▸ **Your assignment**
Within the data beneath, some lines may hold the word "shows". Give the number of those lines and nothing else.

>>>>>

(* Fix an integer $d\ge 1$ and let $n$ be the problem size. Let $\mathcal{L}$ be the oracle of a uniformly random $d$-Serial Simon's instance with target period $s=s_d$ (as defined in the context). Let $\mathcal{A}^{\mathcal{L}}=\Pi\circ U_{d+1}\circ\mathcal{L}\circ U_d\circ\cdots\circ\mathcal{L}\circ U_2\circ\mathcal{L}\circ U_1$ be any $\mathrm{QNC}_d$ circuit with oracle access to $\mathcal{L}$, acting on $\mathrm{poly}(n)$ qubits initialised to $|0\cdots0\rangle$, where each $U_j$ is a single-layer unitary (chosen independently of the oracle), each application of $\mathcal{L}$ may consist of polynomially many parallel queries, and $\Pi$ is a computational-basis measurement whose outcome is the output. Then $\Pr[s\leftarrow\mathcal{A}^{\mathcal{L}}]\le \mathrm{poly}(n)\cdot 2^{-n}$; in particular the success probability is negligible.
   Context: A Simon function on $n$ bits is a pair $(f,s)$ with $s\in\{0,1\}^n\setminus\{0^n\}$ and $f:\{0,1\}^n\to\{0,1\}^n$ two-to-one such that $f(x)=f(y)\iff y\in\{x,x\oplus s\}$; "uniformly random Simon function" means $(f,s)$ is uniform over all such pairs. A single-layer unitary is a product of one- and two-qubit gates acting on pairwise disjoint qubits. The oracle of a function $F$ (possibly taking value $\perp$, encoded as a distinguished string of the response register) acts as $|x\rangle|a\rangle\mapsto|x\rangle|a\oplus F(x)\rangle$; oracle access to several functions means access to all of them (in parallel). $d$-Serial Simon's instance: sample independent uniformly random Simon functions $(f_i,s_i)$, $i=0,1,\dots,d$, on $n$ bits. Define $L_0(x,z)=f_0(x)$ and, for $1\le i\le d$, $L_i(x,z)=f_i(x)$ if $z=s_{i-1}$ and $L_i(x,z)=\perp$ otherwise (for $x,z\in\{0,1\}^n$). The oracle $\mathcal{L}$ is the oracle associated with $(L_0,\dots,L_d)$. The (search) problem is: given $\mathcal{L}$, output $s_d$. *)

theory Defs
  imports "HOL-Probability.Probability"
begin

definition bits :: "nat \<Rightarrow> bool list set" where
  "bits n = {xs. length xs = n}"

definition xorb :: "bool list \<Rightarrow> bool list \<Rightarrow> bool list" where
  "xorb xs ys = map (\<lambda>(a, b). a \<noteq> b) (zip xs ys)"

text \<open>A Simon function on n bits: a pair (f,s), s a nonzero n-bit string, f a map from
  n-bit strings to n-bit strings (extensional, i.e. undefined outside the n-bit strings,
  so that the set of all such pairs is finite) with f x = f y iff y in {x, x xor s}.\<close>

definition simon_fun :: "nat \<Rightarrow> (bool list \<Rightarrow> bool list) \<Rightarrow> bool list \<Rightarrow> bool" where
  "simon_fun n f s \<longleftrightarrow>
     s \<in> bits n \<and> s \<noteq> replicate n False \<and> f \<in> bits n \<rightarrow>\<^sub>E bits n \<and>
     (\<forall>x\<in>bits n. \<forall>y\<in>bits n. f x = f y \<longleftrightarrow> (y = x \<or> y = xorb x s))"

definition simon_set :: "nat \<Rightarrow> ((bool list \<Rightarrow> bool list) \<times> bool list) set" where
  "simon_set n = {(f, s). simon_fun n f s}"

text \<open>A d-Serial Simon sinstance: the tuple ((f_0,s_0),...,(f_d,s_d)) of independent
  uniformly random Simon functions, i.e. a uniformly random element of this product set.\<close>

type_synonym sinstance = "nat \<Rightarrow> ((bool list \<Rightarrow> bool list) \<times> bool list)"

definition serial_instances :: "nat \<Rightarrow> nat \<Rightarrow> sinstance set" where
  "serial_instances n d = PiE {..d} (\<lambda>_. simon_set n)"

text \<open>The functions L_i; None stands for the value bottom.\<close>

definition Lfun :: "sinstance \<Rightarrow> nat \<Rightarrow> bool list \<Rightarrow> bool list \<Rightarrow> bool list option" where
  "Lfun I i x z =
     (if i = 0 then Some (fst (I 0) x)
      else if z = snd (I (i - 1)) then Some (fst (I i) x) else None)"

definition enc :: "nat \<Rightarrow> bool list option \<Rightarrow> bool list" where
  "enc n r = (case r of None \<Rightarrow> True # replicate n False | Some v \<Rightarrow> False # v)"

text \<open>A state of m qubits is a map from m-bit strings (computational basis) to amplitudes.\<close>

type_synonym qstate = "bool list \<Rightarrow> complex"

definition init_state :: "nat \<Rightarrow> qstate" where
  "init_state m = (\<lambda>y. if y = replicate m False then 1 else 0)"

definition upd_pos :: "bool list \<Rightarrow> nat list \<Rightarrow> bool list \<Rightarrow> bool list" where
  "upd_pos y ps a = foldr (\<lambda>(p, b) y. y[p := b]) (zip ps a) y"

definition get_pos :: "bool list \<Rightarrow> nat list \<Rightarrow> bool list" where
  "get_pos y ps = map (\<lambda>p. y ! p) ps"

text \<open>A gate: the list of qubits it acts on and its matrix, indexed by
  (length ps)-bit strings (row, column).\<close>

type_synonym gate = "nat list \<times> (bool list \<Rightarrow> bool list \<Rightarrow> complex)"

definition valid_gate :: "nat \<Rightarrow> gate \<Rightarrow> bool" where
  "valid_gate m g \<longleftrightarrow>
     (let ps = fst g; G = snd g; k = length ps in
       k \<in> {1, 2} \<and> distinct ps \<and> (\<forall>p\<in>set ps. p < m) \<and>
       (\<forall>a\<in>bits k. \<forall>b\<in>bits k.
          (\<Sum>c\<in>bits k. cnj (G c a) * G c b) = (if a = b then 1 else 0)))"
lemma bij_betw_lift_Mults:
  assumes "subalgebra scale mult A1"
  shows "bij_betw lift (Mults mult A1) (Mults1 mult A1)"
proof -
  have "bij_betw lift {R \<in> A1 \<rightarrow>\<^sub>E A1. multiplier mult A1 R}
      {T. multiplier mult UNIV T \<and> range T \<subseteq> A1}"
    by (rule bij_betw_lift) (simp_all add: multiplier_lift_iff[OF assms] multiplier_imp_weak_multiplier)
  moreover have "Mults1 mult A1 = {T. multiplier mult UNIV T \<and> range T \<subseteq> A1}"
    by (auto simp: Mults1_def Mults_def)
  ultimately show ?thesis
    by (simp add: Mults_def)
qed

lemma bij_betw_lift_WMults: "bij_betw lift (WMults mult A1) (WMults1 mult A1)"
proof -
  have "bij_betw lift {R \<in> A1 \<rightarrow>\<^sub>E A1. weak_multiplier mult A1 R}
      {T. weak_multiplier mult UNIV T \<and> range T \<subseteq> A1}"
    by (rule bij_betw_lift) (simp_all add: weak_multiplier_lift_iff)
  moreover have "WMults1 mult A1 = {T. weak_multiplier mult UNIV T \<and> range T \<subseteq> A1}"
    by (auto simp: WMults1_def WMults_def)
  ultimately show ?thesis
    by (simp add: WMults_def)
qed

lemma lift_fadd: "lift (fadd A1 R S) = (\<lambda>x. lift R x + lift S x)"
  by (simp add: fun_eq_iff lift_def fadd_def proj_in_A1)

lemma lift_fscale: "lift (fscale scale A1 c R) = (\<lambda>x. scale c (lift R x))"
  by (simp add: fun_eq_iff lift_def fscale_def proj_in_A1)

lemma lift_compose:
  assumes "S \<in> A1 \<rightarrow> A1"
  shows "lift (compose A1 R S) = lift R \<circ> lift S"
proof -
  have "S (proj x) \<in> A1" for x
    using assms proj_in_A1 by blast
  then show ?thesis
    by (simp add: fun_eq_iff lift_def compose_eq proj_in_A1 proj_eq_self)
qed

lemma lift_jordan:
  assumes "R \<in> A1 \<rightarrow> A1" and "S \<in> A1 \<rightarrow> A1"
  shows "lift (jordan A1 R S) = (\<lambda>x. lift R (lift S x) + lift S (lift R x))"
  by (simp add: jordan_def lift_fadd lift_compose assms)

end

theorem theorem3p1:
  fixes scale :: "'k::field \<Rightarrow> 'v::ab_group_add \<Rightarrow> 'v"
    and mult :: "'v \<Rightarrow> 'v \<Rightarrow> 'v"
    and A1 :: "'v set"
    and T T1 T0 :: "'v \<Rightarrow> 'v"
    and \<Phi> :: "('v \<Rightarrow> 'v) \<Rightarrow> ('v \<Rightarrow> 'v)"
  assumes alg: "algebra_over scale mult"
    and sub: "module.subspace scale A1"
    and dsum_int: "A1 \<inter> ann0 mult = {0}"
    and dsum_span: "\<forall>x. \<exists>a\<in>A1. \<exists>b\<in>ann0 mult. x = a + b"
    and T_split: "\<forall>x. T x = T1 x + T0 x"
    and T1_range: "range T1 \<subseteq> A1"
    and T0_range: "range T0 \<subseteq> ann0 mult"
    and Phi_def: "\<Phi> = (\<lambda>R x. R (proj_along A1 (ann0 mult) x))"
  shows
    "(weak_multiplier mult UNIV T \<longleftrightarrow> weak_multiplier mult UNIV T1)
     \<and> (weak_multiplier mult UNIV T \<longrightarrow>
          Vector_Spaces.linear scale scale T1 \<and> T1 ` ann0 mult = {0})
     \<and> (multiplier mult UNIV T1 \<and> (\<forall>x y. T0 (mult x y) = 0) \<longrightarrow> multiplier mult UNIV T)
     \<and> (subalgebra scale mult A1 \<longrightarrow> multiplier mult UNIV T \<longrightarrow>
          multiplier mult UNIV T1 \<and> (\<forall>x y. T0 (mult x y) = 0))
     \<and> (subalgebra scale mult A1 \<longrightarrow>
          bij_betw \<Phi> (Mults mult A1) (Mults1 mult A1)
          \<and> (\<forall>R\<in>Mults mult A1. \<forall>S\<in>Mults mult A1.
               \<Phi> (fadd A1 R S) = (\<lambda>x. \<Phi> R x + \<Phi> S x)
               \<and> \<Phi> (compose A1 R S) = \<Phi> R \<circ> \<Phi> S)
          \<and> (\<forall>R\<in>Mults mult A1. \<forall>c. \<Phi> (fscale scale A1 c R) = (\<lambda>x. scale c (\<Phi> R x)))
          \<and> bij_betw \<Phi> (WMults mult A1) (WMults1 mult A1)
          \<and> (\<forall>R\<in>WMults mult A1. \<forall>S\<in>WMults mult A1.
               \<Phi> (fadd A1 R S) = (\<lambda>x. \<Phi> R x + \<Phi> S x)
               \<and> \<Phi> (jordan A1 R S) = (\<lambda>x. \<Phi> R (\<Phi> S x) + \<Phi> S (\<Phi> R x)))
          \<and> (\<forall>R\<in>WMults mult A1. \<forall>c. \<Phi> (fscale scale A1 c R) = (\<lambda>x. scale c (\<Phi> R x))))"
proof -
  interpret ann0_complement scale mult A1
    using alg sub dsum_int dsum_span
    by (simp add: ann0_complement_def ann0_complement_axioms_def algebra_over_iff_nonassoc_algebra)
  have T_eq: "T = (\<lambda>x. T1 x + T0 x)"
    using T_split by blast
  have "\<Phi> = lift"
    by (simp add: Phi_def fun_eq_iff lift_def)
  moreover have "R \<in> A1 \<rightarrow> A1" if "R \<in> Mults mult A1 \<union> WMults mult A1" for R
    using that by (auto simp: Mults_def WMults_def)
  moreover have "multiplier mult UNIV T1 \<and> (\<forall>x y. T0 (mult x y) = 0)"
    if "subalgebra scale mult A1" and "multiplier mult UNIV T"
  proof -
    have "T0 (mult x y) = 0" for x y
      using multiplier_ann0_part_vanishes that T1_range T0_range unfolding T_eq by blast
    with that(2) show ?thesis
      unfolding T_eq using multiplier_plus_ann0_iff[OF T0_range] by blast
  qed
  ultimately show ?thesis
    unfolding T_eq
    by (simp add: weak_multiplier_plus_ann0_iff[OF T0_range] multiplier_plus_ann0_iff[OF T0_range]
        weak_multiplier_linear weak_multiplier_image_ann0 T1_range bij_betw_lift_Mults bij_betw_lift_WMults
        lift_fadd lift_fscale lift_compose lift_jordan)
qed

end
lemma sum_mset_pos_part: "sum_mset pos_part = sum_mset neg_part"
proof -
  have nat_parts: "real (nat z) - real (nat (- z)) = real_of_int z" for z
    by (cases "z \<ge> 0") auto
  have "sum_mset pos_part - sum_mset neg_part = (\<Sum>a\<in>B. of_int (lam a) *\<^sub>R a)"
    unfolding sum_mset_eq_sum_count[OF finite_B set_mset_pos_part]
      sum_mset_eq_sum_count[OF finite_B set_mset_neg_part]
    by (simp add: count_pos_part count_neg_part nat_parts sum_subtractf[symmetric]
        scaleR_diff_left[symmetric])
  then show ?thesis
    using relation by (simp add: affine_relation_def)
qed

(* Trading pos_part for neg_part keeps size and sum and lowers the number of elements with
   positive coefficient. *)
lemma exists_multiset_avoiding_pos_part:
  assumes "M \<in> multisets_of_size B h"
  shows "\<exists>N\<in>multisets_of_size B h. \<not> pos_part \<subseteq># N \<and> sum_mset N = sum_mset M"
  using assms
proof (induction "size {#a \<in># M. 0 < lam a#}" arbitrary: M rule: less_induct)
  case less
  show ?case
  proof (cases "pos_part \<subseteq># M")
    case True
    then obtain C where M: "M = pos_part + C"
      by (auto simp: subset_mset.le_iff_add)
    have filter_neg: "{#a \<in># neg_part. 0 < lam a#} = {#}"
      and filter_pos: "{#a \<in># pos_part. 0 < lam a#} = pos_part"
      by (auto simp: filter_mset_eq_conv count_pos_part count_neg_part
          simp flip: count_greater_zero_iff split: if_splits)
    have "size {#a \<in># neg_part + C. 0 < lam a#} < size {#a \<in># M. 0 < lam a#}"
      unfolding M filter_union_mset filter_neg filter_pos using size_pos_part_pos by simp
    moreover have "neg_part + C \<in> multisets_of_size B h"
      using less.prems M set_mset_neg_part size_neg_part by (auto simp: multisets_of_size_def)
    moreover have "sum_mset (neg_part + C) = sum_mset M"
      using M sum_mset_pos_part by simp
    ultimately show ?thesis
      using less.hyps by metis
  qed (use less.prems in blast)
qed

lemma pos_part_subseteq_if_multiple:
  assumes "k > 0" and "\<And>a. a \<in> B \<Longrightarrow> int (count M a) = int (count N a) + k * lam a"
  shows "pos_part \<subseteq># M"
proof (rule mset_subset_eqI)
  fix a
  show "count pos_part a \<le> count M a"
  proof (cases "a \<in> B \<and> lam a > 0")
    case True
    then have "lam a \<le> k * lam a"
      using assms(1) by simp
    then have "lam a \<le> int (count M a)"
      using assms(2)[of a] True by linarith
    then show ?thesis
      using True by (simp add: count_pos_part nat_le_iff)
  qed (auto simp: count_pos_part)
qed

(* Multisets with equal sums differ by k * lam, and k > 0 or k < 0 would put pos_part into one
   of them. *)
lemma inj_on_sum_mset_avoiding_pos_part:
  "inj_on sum_mset {M \<in> multisets_of_size B h. \<not> pos_part \<subseteq># M}"
proof (rule inj_onI, clarify)
  fix M N
  assume M: "M \<in> multisets_of_size B h" "\<not> pos_part \<subseteq># M"
    and N: "N \<in> multisets_of_size B h" "\<not> pos_part \<subseteq># N"
    and eq: "sum_mset M = sum_mset N"
  have "affine_relation B (\<lambda>a. of_int (int (count M a) - int (count N a)))"
    using affine_relation_count_diff[OF finite_B M(1) N(1) eq] by simp
  from integer_relations[OF this]
  obtain k where k: "\<And>a. a \<in> B \<Longrightarrow> int (count M a) - int (count N a) = k * lam a"
    by blast
  have "k = 0"
  proof (rule ccontr)
    assume "k \<noteq> 0"
    then consider "k > 0" | "- k > 0" by linarith
    then show False
    proof cases
      case 1
      then have "pos_part \<subseteq># M"
        using k by (intro pos_part_subseteq_if_multiple[where k = k and N = N])
          (auto simp: algebra_simps)
      with M(2) show False ..
    next
      case 2
      then have "pos_part \<subseteq># N"
        using k by (intro pos_part_subseteq_if_multiple[where k = "- k" and N = M])
          (auto simp: algebra_simps)
      with N(2) show False ..
    qed
  qed
  have "set_mset M \<subseteq> B" "set_mset N \<subseteq> B"
    using M N by (auto simp: multisets_of_size_def)
  then show "M = N"
    using k \<open>k = 0\<close> by (metis multiset_eqI count_eq_zero_iff subsetD
          diff_eq_eq add_0 of_nat_eq_iff mult_zero_left)
qed

lemma card_multisets_containing_pos_part:
  "card {M \<in> multisets_of_size B h. pos_part \<subseteq># M}
     = (if size pos_part \<le> h then card (multisets_of_size B (h - size pos_part)) else 0)"
proof (cases "size pos_part \<le> h")
  case True
  have "{M \<in> multisets_of_size B h. pos_part \<subseteq># M}
      = (+) pos_part ` multisets_of_size B (h - size pos_part)"
    using True set_mset_pos_part
    by (auto simp: multisets_of_size_def subset_mset.le_iff_add image_iff)
  then show ?thesis
    using True by (simp add: card_image)
next
  case False
  then have empty: "{M \<in> multisets_of_size B h. pos_part \<subseteq># M} = {}"
    by (auto simp: multisets_of_size_def dest: size_mset_mono)
  show ?thesis
    unfolding empty using False by simp
qed

lemma size_pos_part_eq_sum_negative:
  "real (size pos_part) = (\<Sum>a\<in>{a\<in>B. lam a < 0}. \<bar>of_int (lam a)\<bar>)"
proof -
  have "size neg_part = (\<Sum>a\<in>{a\<in>B. lam a < 0}. nat (- lam a))"
    unfolding neg_part_def size_multiset_sum size_replicate_mset
    using finite_B by (intro sum.mono_neutral_right) auto
  then show ?thesis
    by (simp add: size_neg_part)
qed

lemma exists_negative: "\<exists>a\<in>B. lam a < 0"
proof (rule ccontr)
  assume "\<not> ?thesis"
  then have "{a\<in>B. lam a < 0} = {}" by auto
  then show False
    using size_pos_part_pos size_pos_part_eq_sum_negative by (simp only: sum.empty)
qed

theorem card_sumset:
  "card (sumset h B) = card (multisets_of_size B h)
     - (if size pos_part \<le> h then card (multisets_of_size B (h - size pos_part)) else 0)"
proof -
  let ?T = "{M \<in> multisets_of_size B h. \<not> pos_part \<subseteq># M}"
  have "sumset h B = sum_mset ` ?T"
  proof
    show "sum_mset ` ?T \<subseteq> sumset h B"
      by (auto simp: sumset_eq_image_sum_mset)
    show "sumset h B \<subseteq> sum_mset ` ?T"
    proof
      fix z assume "z \<in> sumset h B"
      then obtain M where "M \<in> multisets_of_size B h" "z = sum_mset M"
        by (auto simp: sumset_eq_image_sum_mset)
      then show "z \<in> sum_mset ` ?T"
        using exists_multiset_avoiding_pos_part
        by (metis (mono_tags, lifting) image_eqI mem_Collect_eq)
    qed
  qed
  then have "card (sumset h B) = card ?T"
    by (simp add: card_image inj_on_sum_mset_avoiding_pos_part)
  also have "?T = multisets_of_size B h - {M \<in> multisets_of_size B h. pos_part \<subseteq># M}"
    by blast
  also have "card \<dots> = card (multisets_of_size B h)
      - card {M \<in> multisets_of_size B h. pos_part \<subseteq># M}"
    using finite_multisets_of_size[OF finite_B] by (intro card_Diff_subset) auto
  finally show ?thesis
    by (simp add: card_multisets_containing_pos_part)
qed

end

section \<open>Triangulating the convex hull of a circuit\<close>

lemma mem_convex_hull_subset_iff:
  fixes B :: "'a::real_vector set"
  assumes "finite B" "S \<subseteq> B"
  shows "y \<in> convex hull S \<longleftrightarrow>
    (\<exists>t. (\<forall>x\<in>B. 0 \<le> t x) \<and> (\<forall>x\<in>B - S. t x = 0) \<and> sum t B = 1 \<and> (\<Sum>x\<in>B. t x *\<^sub>R x) = y)"
proof -
  have fin: "finite S" using assms finite_subset by blast
  have restrict: "sum f B = sum f S" if "\<forall>x\<in>B - S. f x = 0" for f :: "'a \<Rightarrow> 'b::comm_monoid_add"
    using that assms by (intro sum.mono_neutral_right) auto
  show ?thesis
    unfolding convex_hull_finite[OF fin]
  proof safe
    fix u :: "'a \<Rightarrow> real" assume u: "\<forall>x\<in>S. 0 \<le> u x" "sum u S = 1"
    let ?t = "\<lambda>x. if x \<in> S then u x else 0"
    have "sum ?t B = 1" "(\<Sum>x\<in>B. ?t x *\<^sub>R x) = (\<Sum>x\<in>S. u x *\<^sub>R x)"
      using u by (simp_all add: restrict)
    then show "\<exists>t. (\<forall>x\<in>B. 0 \<le> t x) \<and> (\<forall>x\<in>B - S. t x = 0) \<and> sum t B = 1
        \<and> (\<Sum>x\<in>B. t x *\<^sub>R x) = (\<Sum>x\<in>S. u x *\<^sub>R x)"
      using u by (intro exI[of _ ?t]) auto
  next
    fix t :: "'a \<Rightarrow> real" assume t: "\<forall>x\<in>B. 0 \<le> t x" "\<forall>x\<in>B - S. t x = 0" "sum t B = 1"
    then show "\<exists>u. (\<forall>x\<in>S. 0 \<le> u x) \<and> sum u S = 1 \<and> (\<Sum>x\<in>S. u x *\<^sub>R x) = (\<Sum>x\<in>B. t x *\<^sub>R x)"
      using assms(2) by (intro exI[of _ t]) (auto simp: restrict)
  qed
qed
definition nonneg_int_comb :: "'a::euclidean_space set \<Rightarrow> 'a \<Rightarrow> bool" where
  "nonneg_int_comb S v \<longleftrightarrow> (\<exists>c::'a \<Rightarrow> real. (\<forall>\<alpha>\<in>S. c \<alpha> \<in> \<nat>) \<and> v = (\<Sum>\<alpha>\<in>S. c \<alpha> *\<^sub>R \<alpha>))"

definition root_base :: "'a::euclidean_space set \<Rightarrow> 'a set \<Rightarrow> bool" where
  "root_base R S \<longleftrightarrow> S \<subseteq> R \<and> independent S \<and> span S = span R \<and>
     (\<forall>\<beta>\<in>R. nonneg_int_comb S \<beta> \<or> nonneg_int_comb S (- \<beta>))"

definition pos_roots :: "'a::euclidean_space set \<Rightarrow> 'a set \<Rightarrow> 'a set" where
  "pos_roots R S = {\<beta>\<in>R. nonneg_int_comb S \<beta>}"

definition root_le :: "'a::euclidean_space set \<Rightarrow> 'a \<Rightarrow> 'a \<Rightarrow> bool" where
  "root_le S \<mu> \<nu> \<longleftrightarrow> nonneg_int_comb S (\<nu> - \<mu>)"

definition root_less :: "'a::euclidean_space set \<Rightarrow> 'a \<Rightarrow> 'a \<Rightarrow> bool" where
  "root_less S \<mu> \<nu> \<longleftrightarrow> root_le S \<mu> \<nu> \<and> \<mu> \<noteq> \<nu>"

definition root_covers :: "'a::euclidean_space set \<Rightarrow> 'a set \<Rightarrow> 'a \<Rightarrow> 'a \<Rightarrow> bool" where
  "root_covers S P x y \<longleftrightarrow> x \<in> P \<and> y \<in> P \<and> root_less S y x \<and>
     \<not> (\<exists>z\<in>P. root_less S y z \<and> root_less S z x)"

definition is_root_join :: "'a::euclidean_space set \<Rightarrow> 'a set \<Rightarrow> 'a \<Rightarrow> 'a \<Rightarrow> 'a \<Rightarrow> bool" where
  "is_root_join S P a b j \<longleftrightarrow> j \<in> P \<and> root_le S a j \<and> root_le S b j \<and>
     (\<forall>k\<in>P. root_le S a k \<and> root_le S b k \<longrightarrow> root_le S j k)"

definition is_root_meet :: "'a::euclidean_space set \<Rightarrow> 'a set \<Rightarrow> 'a \<Rightarrow> 'a \<Rightarrow> 'a \<Rightarrow> bool" where
  "is_root_meet S P a b m \<longleftrightarrow> m \<in> P \<and> root_le S m a \<and> root_le S m b \<and>
     (\<forall>k\<in>P. root_le S k a \<and> root_le S k b \<longrightarrow> root_le S k m)"

definition dynkin_adjacent :: "'a::euclidean_space \<Rightarrow> 'a \<Rightarrow> bool" where
  "dynkin_adjacent \<alpha> \<beta> \<longleftrightarrow> \<alpha> \<noteq> \<beta> \<and> \<alpha> \<bullet> \<beta> \<noteq> 0"

end

theory Submission
  imports Defs
begin

text \<open>
  In \<open>(\<Delta>\<^sup>+, \<preccurlyeq>)\<close> one root covers another exactly when they differ by a simple root:
  if \<open>\<nu> - \<mu>\<close> is a non-zero, non-simple element of the cone, some simple \<open>\<alpha>\<close> with
  \<open>\<nu> - \<mu> - \<alpha>\<close> in the cone has \<open>(\<nu> - \<mu>) \<bullet> \<alpha> > 0\<close>, so \<open>\<nu> - \<alpha>\<close> or \<open>\<mu> + \<alpha>\<close> is a
  positive root strictly in between.

  Both parts therefore concern the configuration \<open>\<eta>\<^sub>1 = \<nu> + \<alpha>\<close>, \<open>\<eta>\<^sub>2 = \<nu> + \<beta>\<close>,
  \<open>j = \<nu> + \<alpha> + \<beta>\<close> with distinct simple roots \<open>\<alpha>, \<beta>\<close>. As \<open>\<eta>\<^sub>1 - \<eta>\<^sub>2 = \<alpha> - \<beta>\<close> is
  not a root, \<open>\<eta>\<^sub>1 \<bullet> \<eta>\<^sub>2 \<le> 0\<close>; with \<open>\<alpha> \<bullet> \<beta> \<le> 0\<close>, expanding \<open>j \<bullet> j > 0\<close> (resp.
  \<open>\<nu> \<bullet> \<nu> > 0\<close>) in terms of \<open>\<eta>\<^sub>1, \<eta>\<^sub>2, \<alpha>, \<beta>\<close> forces \<open>\<eta>\<^sub>1 \<bullet> \<beta>\<close> or \<open>\<eta>\<^sub>2 \<bullet> \<alpha>\<close> to
  have the sign that makes the missing vertex \<open>\<nu>\<close> (resp. \<open>j\<close>) a root. The only exception is
  \<open>\<nu> = 0\<close>, where \<open>j = \<alpha> + \<beta>\<close> being a root means \<open>\<alpha> \<bullet> \<beta> \<noteq> 0\<close>. Comparing coordinates in the
  basis of simple roots shows that \<open>\<nu>\<close> is then the meet and \<open>\<nu> + \<alpha> + \<beta>\<close> the join.
\<close>

lemma Nats_le_one_cases: "(x::real) \<in> \<nat> \<Longrightarrow> 1 - x \<in> \<nat> \<Longrightarrow> x = 0 \<or> x = 1"
  by (elim Nats_cases) (auto simp: Nats_altdef2)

<<<<<

▸ **Response box**
8